По улицам града Пропащего
Движут землю пингвиньи стаи,
Суматоха происходящего
Мнит в себе тошнотворность хентая...*

За потрескавшимися, расколотыми, серыми от пыли и забрызганными краской из баллончика стёклами вагонных окон возникла белая громада научно-исследовательского института, где дядя по отцовской линии зарабатывал девять тысяч рублей в месяц младшим научным сотрудником, где пришедшие на практику студенты потрошили скальпелями лягушек и швыряли всё, что оставалось от земноводных, в замызганное жёлтое пластмассовое ведро, где на симпозиумах распивали слегка разбавленный медицинским спиртом чай из эмалированных кружек под песню «Дым сигарет с ментолом» на ноутбуке и где по пьяни был разбит стеклянный стенд с коллекцией бабочек.
- ...Беляши-и-и!... Пирожки-и-и!.. Сосиски в те-е-е...
- ...А Надька из восьмой беременна, бу-бу-бу-бу-бу, от Зелимхана, который в сапожной масте-е-е...
- ...И тут я такой: «А дай айфон погонять, не ссы, не ки-и-и...»...
Трещины стёкол слегка искажали вид из окна, а суть НИИ, ничего не давшего науке, да и всего остального, что оставалось за окнами среди голых деревьев и гор строительного мусора, даже безо всякого битого стекла была искажена до предела.

...Белый лист ничего не хранящий
Почернел под огнём зажигалки,
Этот город живородящий -
Порождает помойки и свалки!*

В тормозную систему пригородных электропоездов добавлена смесь блевотины с мёдом, в тамбурах клубится сизый дым неясного происхождения, двери закрываются и открываются со змеиным шипением, а громкоговоритель, окончательно воцаряя в вагоне атмосферу экзистенционализма цвета гноя, пыли и сажи, гнусавит:
- Остановка «Ча-а-а-а-а...»...
НИИ белел вдалеке: где-то в одном из его аудиторий маялся дядя, скрупулёзно заспиртовывая в склянку раздобытого у рыбаков цератиевого «южного глубоководного удильщика» и печатая на видавшем виды ноутбуке «Aser» с операционной системой «Windows XP Home Edition» мутные трактаты с предположениями о том, как в акватории города могут оказываться рыбы, обитающие исключительно в тропиках.
Макс иногда тоже думал об этом.
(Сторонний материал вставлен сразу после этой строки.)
(* Let $\mu,\phi$ satisfy $\phi''(x) = 1 - \int_{\mathbb{R}} \mu(\tfrac12 v^2 + \phi(x))\,dv$ and assumptions (i)–(iv) below, and let $q(x) = \int_{\mathbb{R}} \mu'(\tfrac12 v^2 + \phi(x))\,dv$. Then $u=\phi'$ is an eigenfunction with eigenvalue $0$ of the Dirichlet Sturm–Liouville problem $u''+(q+\lambda)u=0$, $u(0)=u(P_\phi)=0$, and it is the second eigenfunction. Consequently the smallest eigenvalue $\lambda_0$ of this problem satisfies $\lambda_0<0$, and its first eigenfunction $u_0$ satisfies $u_0(x) = u_0(P_\phi - x)$ and $u_0'(P_\phi-x) = -u_0'(x)$ for all $x\in[0,P_\phi]$; in particular $\psi = u_0u_0'$ satisfies $\psi(P_\phi - x) = -\psi(x)$.
   Context: Assumptions: (i) $\mu\in C^1(\mathbb{R})$ is nonnegative; (ii) $\int_{\mathbb{R}} \mu(\tfrac12 v^2)\,dv = 1$; (iii) there are $\gamma>1$, $C>0$ with $|\mu'(y)| \le C/(1+|y|^\gamma)$ for all $y$; (iv) $\phi$ is nonconstant with minimal period $P_\phi$, and, writing $\phi_+ = \max\phi$, $\phi_- = \min\phi$, it is normalized so that $\phi(0)=\phi(P_\phi)=\phi_+$, $\phi(P_\phi/2) = \phi_-$, $\phi(x) = \phi(P_\phi - x)$ for all $x\in[0,P_\phi]$, and $\phi$ is strictly decreasing on $[0,P_\phi/2]$ (and strictly increasing on $[P_\phi/2,P_\phi]$ by symmetry). *)

theory Defs
  imports "HOL-Analysis.Analysis"
begin

definition sl_dirichlet_eigenfunction ::
  "(real \<Rightarrow> real) \<Rightarrow> real \<Rightarrow> real \<Rightarrow> (real \<Rightarrow> real) \<Rightarrow> bool" where
  "sl_dirichlet_eigenfunction q L lam u \<longleftrightarrow>
     (\<exists>u' u''. \<forall>x\<in>{0..L}.
        (u has_real_derivative u' x) (at x within {0..L}) \<and>
        (u' has_real_derivative u'' x) (at x within {0..L}) \<and>
        u'' x + (q x + lam) * u x = 0) \<and>
     u 0 = 0 \<and> u L = 0 \<and> (\<exists>x\<in>{0..L}. u x \<noteq> 0)"

definition sl_dirichlet_eigenvalue :: "(real \<Rightarrow> real) \<Rightarrow> real \<Rightarrow> real \<Rightarrow> bool" where
  "sl_dirichlet_eigenvalue q L lam \<longleftrightarrow> (\<exists>u. sl_dirichlet_eigenfunction q L lam u)"

end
Действительно, как? Ещё можно понять, как нечаянно заплывают субтропические виды - то акулы, нападающие на дайверов, то  рыбы фугу, ухой из которых периодически травятся насмерть то бомжи, то туристы. Но зачем поплыл столь далеко на север тропический вид?
- ...Остановка «Сидо-о-о-о-о...»... - вновь прогнусавило из громкоговорителя.
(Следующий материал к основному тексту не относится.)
lemma card_preimage_bij_betw:
  assumes g: "bij_betw g A B" and C: "C \<subseteq> B"
  shows "card {x\<in>A. g x \<in> C} = card C"
proof -
  have "g ` {x\<in>A. g x \<in> C} = C"
  proof
    show "C \<subseteq> g ` {x\<in>A. g x \<in> C}"
    proof
      fix c assume c: "c \<in> C"
      then obtain x where "x \<in> A" "c = g x"
        using C bij_betw_imp_surj_on[OF g] by blast
      then show "c \<in> g ` {x\<in>A. g x \<in> C}"
        using c by blast
    qed
  qed blast
  then have "bij_betw g {x\<in>A. g x \<in> C} C"
    by (rule bij_betw_subset[OF g, rotated]) blast
  then show ?thesis
    by (rule bij_betw_same_card)
qed

lemma rank_unique:
  assumes g: "bij_betw g A {1..n}" and k: "inj_on k A"
    and mono: "\<And>x y. x \<in> A \<Longrightarrow> y \<in> A \<Longrightarrow> k x < k y \<Longrightarrow> g x < g y"
    and x: "x \<in> A"
  shows "g x = rank A k x"
proof -
  have same: "{y\<in>A. k y < k x} = {y\<in>A. g y < g x}"
  proof (intro Collect_cong conj_cong refl iffI)
    fix y assume y: "y \<in> A" and "g y < g x"
    then have "x \<noteq> y" "\<not> k x < k y"
      using mono[OF x y] by auto
    then show "k y < k x"
      using k x y by (metis inj_onD linorder_cases)
  qed (use mono x in blast)
  have gx: "g x \<in> {1..n}"
    using g x by (auto dest: bij_betwE)
  have "{y\<in>A. g y < g x} = {y\<in>A. g y \<in> {1..<g x}}"
    using g by (auto dest: bij_betwE)
  also have "card \<dots> = card {1..<g x}"
    using gx by (intro card_preimage_bij_betw[OF g]) auto
  finally have "card {y\<in>A. g y < g x} = g x - 1"
    by simp
  then show ?thesis
    using gx by (simp add: rank_def same)
qed

lemma sum_list_take_mono:
  fixes alpha :: "nat list"
  assumes "i \<le> j"
  shows "sum_list (take i alpha) \<le> sum_list (take j alpha)"
proof -
  obtain d where "j = i + d"
    using assms le_Suc_ex by blast
  then show ?thesis
    by (simp add: take_add)
qed

lemma sum_list_take_Suc:
  "i < length alpha \<Longrightarrow> sum_list (take (Suc i) alpha) = sum_list (take i alpha) + alpha ! i"
  by (simp add: take_Suc_conv_app_nth)

lemma block_eq_interval:
  assumes "i \<in> {1..length alpha}"
  shows "block alpha i = {sum_list (take (i - 1) alpha) + 1 .. sum_list (take (i - 1) alpha) + alpha ! (i - 1)}"
proof -
  have "sum_list (take i alpha) = sum_list (take (i - 1) alpha) + alpha ! (i - 1)"
    using assms sum_list_take_Suc[of "i - 1" alpha] by (cases i) auto
  then show ?thesis
    by (simp add: block_def)
qed

lemma card_block: "i \<in> {1..length alpha} \<Longrightarrow> card (block alpha i) = alpha ! (i - 1)"
  by (simp add: block_eq_interval)

lemma first_in_block:
  assumes "\<forall>a\<in>set alpha. 0 < a" "i \<in> {1..length alpha}"
  shows "sum_list (take (i - 1) alpha) + 1 \<in> block alpha i"
proof -
  have "0 < alpha ! (i - 1)"
    using assms by auto
  then show ?thesis
    using assms(2) by (simp add: block_eq_interval)
qed

lemma block_subset: "i \<le> length alpha \<Longrightarrow> block alpha i \<subseteq> {1..sum_list alpha}"
  using sum_list_take_mono[of i "length alpha" alpha] by (auto simp: block_def)

lemma block_less:
  assumes "1 \<le> i" "i < i'" "j \<in> block alpha i" "j' \<in> block alpha i'"
  shows "j < j'"
proof -
  have "sum_list (take i alpha) \<le> sum_list (take (i' - 1) alpha)"
    using assms(2) by (intro sum_list_take_mono) auto
  then show ?thesis
    using assms(3,4) by (auto simp: block_def)
qed

lemma block_unique:
  assumes "i \<in> {1..length alpha}" "i' \<in> {1..length alpha}" "j \<in> block alpha i" "j \<in> block alpha i'"
  shows "i = i'"
  using block_less[of i i' j alpha j] block_less[of i' i j alpha j] assms
  by (cases i i' rule: linorder_cases) auto

lemma ex_block:
  assumes "j \<in> {1..sum_list alpha}"
  shows "\<exists>i\<in>{1..length alpha}. j \<in> block alpha i"
proof -
  define i where "i = (LEAST i. j \<le> sum_list (take i alpha))"
  have ex: "j \<le> sum_list (take (length alpha) alpha)"
    using assms by simp
  have upper: "j \<le> sum_list (take i alpha)"
    unfolding i_def by (rule LeastI[of _ "length alpha"]) (rule ex)
  have "i \<le> length alpha"
    unfolding i_def by (rule Least_le) (rule ex)
  moreover have "i \<noteq> 0"
  proof
    assume "i = 0"
    then show False
      using upper assms by simp
  qed
  moreover have "\<not> j \<le> sum_list (take (i - 1) alpha)"
    using \<open>i \<noteq> 0\<close> unfolding i_def by (intro not_less_Least) (auto simp: i_def)
  ultimately show ?thesis
    using upper by (auto simp: block_def intro!: bexI[of _ i])
qed

definition block_index :: "nat list \<Rightarrow> nat \<Rightarrow> nat" where
  "block_index alpha j = (THE i. i \<in> {1..length alpha} \<and> j \<in> block alpha i)"

lemma block_index_eq: "i \<in> {1..length alpha} \<Longrightarrow> j \<in> block alpha i \<Longrightarrow> block_index alpha j = i"
  unfolding block_index_def by (rule the_equality) (use block_unique in blast)+

lemma block_index:
  assumes "j \<in> {1..sum_list alpha}"
  shows "block_index alpha j \<in> {1..length alpha}" "j \<in> block alpha (block_index alpha j)"
  using ex_block[OF assms] block_index_eq by metis+

lemma block_index_mono:
  assumes "j \<in> {1..sum_list alpha}" "j' \<in> {1..sum_list alpha}" "j \<le> j'"
  shows "block_index alpha j \<le> block_index alpha j'"
  using block_less[of "block_index alpha j'" "block_index alpha j" j' alpha j] block_index assms
  by fastforce

lemma card_le_level:
  fixes f :: "'a \<Rightarrow> nat" and alpha :: "nat list"
  assumes "finite A" "\<And>x. x \<in> A \<Longrightarrow> 1 \<le> f x"
    and fibers: "\<And>i. i \<in> {1..length alpha} \<Longrightarrow> card {x\<in>A. f x = i} = alpha ! (i - 1)"
    and "c \<le> length alpha"
  shows "card {x\<in>A. f x \<le> c} = sum_list (take c alpha)"
  using assms(4)
proof (induction c)
  case 0
  have "{x\<in>A. f x \<le> 0} = {}"
    using assms(2) by fastforce
  then show ?case
    by (metis card.empty sum_list.Nil take_0)
next
  case (Suc c)
  have "{x\<in>A. f x \<le> Suc c} = {x\<in>A. f x \<le> c} \<union> {x\<in>A. f x = Suc c}"
    by auto
  moreover have "card ({x\<in>A. f x \<le> c} \<union> {x\<in>A. f x = Suc c}) = card {x\<in>A. f x \<le> c} + card {x\<in>A. f x = Suc c}"
    using assms(1) by (intro card_Un_disjoint) auto
  ultimately have "card {x\<in>A. f x \<le> Suc c} = card {x\<in>A. f x \<le> c} + card {x\<in>A. f x = Suc c}"
    by simp
  then show ?case
    using Suc fibers[of "Suc c"] sum_list_take_Suc[of c alpha] by simp
qed

lemma alpha_unimodal_if_ascending:
  assumes "\<forall>a\<in>set alpha. 0 < a"
    and asc: "\<And>i j. i \<in> {1..length alpha} \<Longrightarrow> j \<in> block alpha i \<Longrightarrow> j + 1 \<in> block alpha i \<Longrightarrow> \<sigma> j < \<sigma> (j + 1)"
  shows "alpha_unimodal alpha \<sigma>"
  unfolding alpha_unimodal_def
proof
  fix i assume i: "i \<in> {1..length alpha}"
  show "\<exists>k\<in>block alpha i.
          (\<forall>j. j \<in> block alpha i \<and> j + 1 \<in> block alpha i \<and> j < k \<longrightarrow> \<sigma> j > \<sigma> (j + 1)) \<and>
          (\<forall>j. j \<in> block alpha i \<and> j + 1 \<in> block alpha i \<and> k \<le> j \<longrightarrow> \<sigma> j < \<sigma> (j + 1))"
  proof (intro bexI[OF _ first_in_block[OF assms(1) i]] conjI allI impI)
    fix j assume "j \<in> block alpha i \<and> j + 1 \<in> block alpha i \<and> j < sum_list (take (i - 1) alpha) + 1"
    then show "\<sigma> j > \<sigma> (j + 1)"
      by (simp add: block_def)
  qed (use asc[OF i] in blast)
qed

lemma is_posetD:
  assumes "is_poset P le"
  shows "finite P"
    and "x \<in> P \<Longrightarrow> le x x"
    and "x \<in> P \<Longrightarrow> y \<in> P \<Longrightarrow> le x y \<Longrightarrow> le y x \<Longrightarrow> x = y"
    and "x \<in> P \<Longrightarrow> y \<in> P \<Longrightarrow> z \<in> P \<Longrightarrow> le x y \<Longrightarrow> le y z \<Longrightarrow> le x z"
  using assms unfolding is_poset_def by metis+

lemma ex_minimal_below:
  assumes P: "is_poset P le" and Q: "Q \<subseteq> P" and y: "y \<in> Q"
  shows "\<exists>z\<in>Q. le z y \<and> (\<forall>u\<in>Q. le u z \<longrightarrow> u = z)"
proof -
  define down where "down z = {v\<in>P. le v z}" for z
  have "y \<in> Q \<and> le y y"
    using y Q is_posetD(2)[OF P] by auto
  from ex_has_least_nat[where P = "\<lambda>z. z \<in> Q \<and> le z y" and m = "\<lambda>z. card (down z)", OF this]
  obtain z where z: "z \<in> Q" "le z y"
    and least: "\<And>z'. z' \<in> Q \<Longrightarrow> le z' y \<Longrightarrow> card (down z) \<le> card (down z')"
    by auto
  have "u = z" if u: "u \<in> Q" "le u z" for u
  proof (rule ccontr)
    assume "u \<noteq> z"
    have uz: "u \<in> P" "z \<in> P"
      using u z Q by auto
    have "down u \<subseteq> down z"
    proof
      fix v assume "v \<in> down u"
      then show "v \<in> down z"
        using is_posetD(4)[OF P _ uz, of v] u(2) by (simp add: down_def)
    qed
    moreover have "z \<in> down z" "z \<notin> down u"
      using is_posetD(2,3)[OF P] uz u(2) \<open>u \<noteq> z\<close> by (auto simp: down_def)
    ultimately have "card (down u) < card (down z)"
      using is_posetD(1)[OF P] by (intro psubset_card_mono) (auto simp: down_def)
    moreover have "le u y"
      using is_posetD(4)[OF P uz] Q y u(2) z(2) by blast
    ultimately show False
      using least[OF u(1)] by simp
  qed
  then show ?thesis
    using z by blast
qed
- ...У неё зарплата двенадцать тысяч рублей в месяц, как жить да-а-а...
- ...Отравили друга, а в ветеринарке пьяный врач говорят: «Изониази-и-и...»...
- ...Песня «Я буду для тебя твоей малышкой» с Одноклассников не кача-а-а...
Макс поймал себя на мысли, что смерть померанского шпица сделала его чем-то похожим на дядиного «южного удильщика»: из того, что Максом воспринималось так же, как тропическое море «удильщиом», того, где бурлил кипяток в стеклянной трёхлитровой банке, где ухмылялся Мэрилин Мэнсон с постера не стене и где на жидкокристаллическом дисплее «Самсунга» размахивал мечами анти-маг с малиновым ирокезом и вытатуированными на лице малиновыми полосами, того, что было так мило и так естественно в качестве среды обитания, вдруг захотелось убежать в неведомом доселе направлении и на непривычно дальнее расстояние, альтер-эго трансцендентными пинками сгоняло с места жительства и рефлексивно вывернуло наизнанку образ жизни, душно и невыносимо становилось от мыслей, что померанец умер с выпученными глазами и запрокинутой набок головой, но ему, Максу, ещё предстоит жить в том же городе.
- ...Газеты-ы-ы! Газе-е-еты-ы-ы! Газе-е-е...
- ...Если б тот смартфон без батареи, экономично, надёжно, его это, как зажигалку газом запра-а-а...
- ...Я такая вышла, покури-и-и...
- ...Остановка «Соно-о-о-о-о...»...
Адская мельница города гудела кирпичными крыльями, а в железобетонных жерновах мостов, набережных, университетских кампусов и жилых многоэтажек перемалывала в евразийскую лиловую муку аморфное, уставшее и немногословное человеческое мясо - и с душой, и с судьбой, и с мечтой, и с любовью, и с системами ценностей. Историческая область Померания, откуда происходили миниатюрные рыжие шпицы, далеко не Азия и даже Европы самая окраина.
- ...Моральные уроды, не заняли полтос на сигаре-е-е...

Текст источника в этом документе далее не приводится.